Шрифт:
Закладка:
Что такое Распутин, какую он роль играл, об этом теперь можно говорить потому, что это относится к покойнику. Мне раскрыл глаза Кривошеин. Когда после убийства Столыпина я с ним говорил на тему о роли Столыпина и о возможной для него будущности, если бы он не был убит, он мне сказал: Столыпин был политически конченый человек, искали только форму, как его ликвидировать. Думали о наместничестве на Кавказе, в Восточной Сибири, искали форму для почётного устранения: ещё не дошли до мысли уволить в Государственный совет, но решение в душе состоялось — расстаться с ним. Кривошеин рассказывал: “Я Столыпину не раз говорил: “Вы сильный, талантливый человек, вы многое можете сделать, но только я вас предостерегаю, не боритесь с Распутиным и его приятелями, на этом вы сломаетесь”, а он это делал — и вот результат”. Я думал, Столыпин — громадная сила, а тут сильнее”.

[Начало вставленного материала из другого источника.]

lemma complete_multipartite_equation_solvable:
  fixes \<pi> :: "nat \<Rightarrow> 'a"
  assumes "0 < N"
  obtains \<rho> :: real where "0 \<le> \<rho>" "(\<Sum>i<N. 1 / (\<rho> + part_size N \<pi> i)) = 1"
proof -
  define f where "f \<rho> = (\<Sum>i<N. 1 / (\<rho> + part_size N \<pi> i))" for \<rho> :: real
  have "1 \<le> f 0"
  proof -
    have "1 = (\<Sum>i<N. if \<pi> i = \<pi> 0 then 1 / part_size N \<pi> 0 else 0)"
      using part_size_pos[OF \<open>0 < N\<close>, of \<pi>] by (simp add: sum_if_same_part)
    also have "\<dots> \<le> f 0"
      unfolding f_def by (intro sum_mono) (auto simp: part_size_def)
    finally show ?thesis .
  qed
  moreover have "f N \<le> 1"
  proof -
    have "f N \<le> (\<Sum>i<N. 1 / real N)"
      unfolding f_def using \<open>0 < N\<close> by (intro sum_mono frac_le) auto
    then show ?thesis
      using \<open>0 < N\<close> by simp
  qed
  moreover have "continuous_on {0..real N} f"
    unfolding f_def using part_size_pos[of _ N \<pi>]
    by (intro continuous_intros) (auto simp: add_nonneg_eq_0_iff)
  ultimately obtain \<rho> where "0 \<le> \<rho>" "f \<rho> = 1"
    using IVT2'[of f "real N" 1 0] by auto
  then show ?thesis
    using that by (simp add: f_def)
qed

В старости, пережив большие исторические события, переосмыслив их, благо судьба предоставила для этого достаточно времени, Гучков видел только одну опасность, которая преследовала Столыпина. Этой опасностью, по его убеждению, был Распутин. И потому эпизоды, связанные с ним, он никогда не забывал и в узком кругу о них рассказывал. Рассказал их и Базили.
Вспомнил Хвостова, с которым встретился во время войны на Кавказе, в Кисловодске. До этого они были лишь знакомы, но не общались. А вот в Кисловодске, встретившись у источника, побеседовали по душам.
Хвостов рассказывал Гучкову:
— Я был тогда губернатором в Нижнем, а Столыпин — министром внутренних дел, возглавлял правительство. И вот получаю я телеграмму, подписанную Сазоновым, не министром, а его однофамильцем, который писал на экономические темы в газетах. Так вот присылает он мне телеграмму с таким текстом: “Будете ли вы в ближайшее время в Нижнем, одному человеку очень нужно вас повидать”. Я отвечаю: “Буду”. Через некоторое время приезжает ко мне Распутин и говорит: “Приехал посмотреть, какой ты есть... Часто у нас идут о тебе разговоры с папашей и мамашей”. Потом, посидев, говорит: “Хочешь быть министром внутренних дел?” Конечно, я очень хотел быть министром, а кто не хочет быть таким министром. Я говорю: “Как же министром внутренних дел, ведь у нас же есть министр?” Он говорит: “Сегодня есть Столыпин, а завтра его нет”. Я от такой наглости чуть не поперхнулся и говорю наглецу: “Да нет, я человек горячий, я не гожусь. Ведь если что не по мне, я в мешок и в воду”. Он посмотрел на меня и качает головой: “Так вот ты каков. Ну-ка дай мне телеграфный бланк”. Я вышел на минуту в соседнюю комнату и дал ему бланк. Он своими каракулями и написал в адрес государыни: “Видел. Молод. Горяч. Подождать надо. Григорий”. Не делая из этого секрета, показывает мне бланк. Я снял с него копию, не поленился.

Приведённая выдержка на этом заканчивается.